definition base_number :: "'a set \<Rightarrow> ('a \<times> 'a) set set \<Rightarrow> nat" where
  "base_number \<Omega> S = Min (card ` {B. is_base \<Omega> S B})"

definition orbits2 :: "'a set \<Rightarrow> ('a \<Rightarrow> 'a) set \<Rightarrow> ('a \<times> 'a) set set" where
  "orbits2 \<Omega> G = {(\<lambda>g. (g x, g y)) ` G | x y. x \<in> \<Omega> \<and> y \<in> \<Omega>}"

definition perm_group :: "('a \<Rightarrow> 'a) set \<Rightarrow> bool" where
  "perm_group G \<longleftrightarrow> (\<forall>g\<in>G. bij g) \<and> id \<in> G \<and>
     (\<forall>g\<in>G. \<forall>h\<in>G. g \<circ> h \<in> G) \<and> (\<forall>g\<in>G. inv g \<in> G)"

definition AGL :: "('f::field \<Rightarrow> 'v::ab_group_add \<Rightarrow> 'v) \<Rightarrow> ('v \<Rightarrow> 'v) set" where
  "AGL scale = {f. \<exists>A b. Vector_Spaces.linear scale scale A \<and> bij A \<and> (\<forall>x. f x = A x + b)}"

definition stabilizer :: "('a \<Rightarrow> 'a) set \<Rightarrow> 'a \<Rightarrow> ('a \<Rightarrow> 'a) set" where
  "stabilizer G \<omega> = {g \<in> G. g \<omega> = \<omega>}"

end

theory Submission
  imports Defs
begin

text \<open>
  Let \<open>K\<close> be the stabiliser of \<open>\<omega>\<close>; since \<open>G\<close> contains the translations, the stabiliser of
  any point \<open>u\<close> acts on \<open>\<Omega>\<close> around \<open>u\<close> through the linear parts of \<open>K\<close>. Call \<open>z\<close> separated
  by \<open>\<alpha>, \<beta>\<close> if the orbits of \<open>z\<close> under the stabilisers of \<open>\<alpha>\<close> and of \<open>\<beta>\<close> meet only in \<open>z\<close>.
  In any coherent configuration refining \<open>Inv(G)\<close> in which \<open>{\<alpha>}\<close> and \<open>{\<beta>}\<close> are fibers,
  two points of a common fiber lie in one orbit of the stabiliser of every singleton fiber;
  hence every separated point is a singleton fiber. Two distinct points \<open>z, w\<close> of a common fiber
  then lie in one orbit of the stabiliser of every separated point \<open>u\<close>, but such \<open>u\<close> solve
  \<open>u - L u = w - L z\<close> for some linear part \<open>L \<noteq> 1\<close>, so there are at most \<open>Fix(K)\<close> of them.
  So if more than \<open>Fix(K)\<close> points are separated, all fibers, hence all basic relations, are
  singletons and \<open>{\<alpha>, \<beta>}\<close> is a base. Finally, for fixed \<open>z\<close> at most \<open>(k - 1) Fix(K)\<close> points \<open>\<beta>\<close>
  fail to separate \<open>z\<close> together with \<open>\<alpha>\<close>, and double counting yields a good \<open>\<beta>\<close> once
  \<open>k Fix(K) < n\<close>, which follows from \<open>4 (k - 1) Fix(K) < n\<close>.
\<close>

section \<open>Coherent configurations\<close>

definition same_fiber :: "('a \<times> 'a) set set \<Rightarrow> 'a \<Rightarrow> 'a \<Rightarrow> bool" where
  "same_fiber T x y \<longleftrightarrow> (\<exists>d\<in>T. (x, x) \<in> d \<and> (y, y) \<in> d)"

lemma is_fiber_singleton: "is_fiber T {u} \<longleftrightarrow> {(u, u)} \<in> T"
proof -
  have "{(\<gamma>, \<gamma>) | \<gamma>. \<gamma> \<in> {u}} = {(u, u)}" by auto
  thus ?thesis unfolding is_fiber_def by simp
qed

lemma coherent_configD:
  assumes "coherent_config \<Omega> T"
  shows "finite \<Omega>" and "\<Union>T = \<Omega> \<times> \<Omega>"
    and "\<forall>s\<in>T. \<forall>t\<in>T. s \<noteq> t \<longrightarrow> s \<inter> t = {}"
    and "\<exists>T0\<subseteq>T. \<Union>T0 = Id_on \<Omega>"
    and "\<forall>s\<in>T. s\<inverse> \<in> T"
    and "\<forall>r\<in>T. \<forall>s\<in>T. \<forall>t\<in>T. \<forall>x y x' y'. (x, y) \<in> t \<longrightarrow> (x', y') \<in> t \<longrightarrow>
           card {z. (x, z) \<in> r \<and> (z, y) \<in> s} = card {z. (x', z) \<in> r \<and> (z, y') \<in> s}"
  using assms unfolding coherent_config_def by - (elim conjE, assumption)+

lemma coherent_config_disjoint:
  "coherent_config \<Omega> T \<Longrightarrow> s \<in> T \<Longrightarrow> t \<in> T \<Longrightarrow> p \<in> s \<Longrightarrow> p \<in> t \<Longrightarrow> s = t"
  using coherent_configD(3) by blast

lemma coherent_config_cover: "coherent_config \<Omega> T \<Longrightarrow> p \<in> \<Omega> \<times> \<Omega> \<Longrightarrow> \<exists>t\<in>T. p \<in> t"
  using coherent_configD(2) by blast

lemma coherent_config_subset: "coherent_config \<Omega> T \<Longrightarrow> t \<in> T \<Longrightarrow> t \<subseteq> \<Omega> \<times> \<Omega>"
  using coherent_configD(2) by blast

lemma coherent_config_converse: "coherent_config \<Omega> T \<Longrightarrow> t \<in> T \<Longrightarrow> t\<inverse> \<in> T"
  using coherent_configD(5) by blast

lemma coherent_config_reflexive_subset_Id:
  assumes cc: "coherent_config \<Omega> T" and d: "d \<in> T" "(x, x) \<in> d"
  shows "d \<subseteq> Id"
proof -
  obtain T0 where T0: "T0 \<subseteq> T" "\<Union>T0 = Id_on \<Omega>" using coherent_configD(4)[OF cc] by blast
  have "x \<in> \<Omega>" using coherent_config_subset[OF cc d(1)] d(2) by blast
  then obtain d0 where "d0 \<in> T0" "(x, x) \<in> d0" using T0(2) by blast
  hence "d \<subseteq> Id_on \<Omega>" using coherent_config_disjoint[OF cc] T0 d by blast
  thus ?thesis by (auto elim: Id_onE)
qed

★ ★ ★ ★ ★ ★ ★

* [EXERCISE DESCRIPTION]: Could you set down, exactly as written, the lines above between the one holding "two points of" and the one holding "fail to separate", inclusive, and nothing more?

* [RESPONSE TO THIS EXERCISE]:
  two points of a common fiber lie in one orbit of the stabiliser of every singleton fiber;
  hence every separated point is a singleton fiber. Two distinct points \<open>z, w\<close> of a common fiber
  then lie in one orbit of the stabiliser of every separated point \<open>u\<close>, but such \<open>u\<close> solve
  \<open>u - L u = w - L z\<close> for some linear part \<open>L \<noteq> 1\<close>, so there are at most \<open>Fix(K)\<close> of them.
  So if more than \<open>Fix(K)\<close> points are separated, all fibers, hence all basic relations, are
  singletons and \<open>{\<alpha>, \<beta>}\<close> is a base. Finally, for fixed \<open>z\<close> at most \<open>(k - 1) Fix(K)\<close> points \<open>\<beta>\<close>
  fail to separate \<open>z\<close> together with \<open>\<alpha>\<close>, and double counting yields a good \<open>\<beta>\<close> once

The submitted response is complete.